About this recipe

Somewhere between a donut and a bagel, these were Auntie Giorgia’s specialty. In Italy they’re called Ciambelle—just in case you’re ever there and someone tries to confuse you.


Into a bowl, break:

  • 6 extra-large eggs.

Then whisk in:

  • 6 tsp. sugar,
  • 6 tsp. vegetable oil,
  • 1 tsp. vanilla,
  • 1 tsp. almond liquor (optional).


  • 2½-3 cups flour (enough to make dough).

Stir with a spatula or wooden spoon. Then turn out onto a flour board. Lightly knead, adding more flour as necessary, until the dough is not too soft and not too hard. Oil and let rest for ½ hour.

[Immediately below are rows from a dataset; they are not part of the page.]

theorem mainTheorem6:
  fixes G :: "int \<Rightarrow> 'g::real_vector set" and B :: "'g \<Rightarrow> 'g \<Rightarrow> 'g"
    and I :: "'g \<Rightarrow> 'g" and l :: int and j :: int and X :: 'g
  assumes "graded_lie_algebra G B"
    and "pc_fundamental G B I l"
    and "tanaka_prolongation G B I"
    and "X \<in> G j"
  shows "weighted_homog_field G I l (inf_cr_aut G I B X) j"
proof -
  interpret pseudo_complex G B I l
    using pseudo_complex_if_pc_fundamental[OF assms(1,2)] .
  show ?thesis
    using weighted_homog_field_inf_cr_aut[OF assms(4)] .
qed

end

Then cut off chunks of dough and roll into long, skinny rolls (4-6 inches long and about thumb-thick). Use a little more flour if sticky. Do this to all your dough and let rest another ½-¾ hour.

When ready, join the ends and boil the taralli until they rise to the top (approx. 1 minute). Remove from water and let dry (another 2 minutes).

Slit around the perimeter and bake at 350-375°F until golden brown (approx. 25 minutes).


  • This recipe yields approx. 24.
  • Bake the taralli right on the oven rack (don’t use a cookie sheet).
  • They freeze really well and only take 5-10 minutes to defrost.
    You can easily double or triple this recipe (in which case, you’d increase the resting times).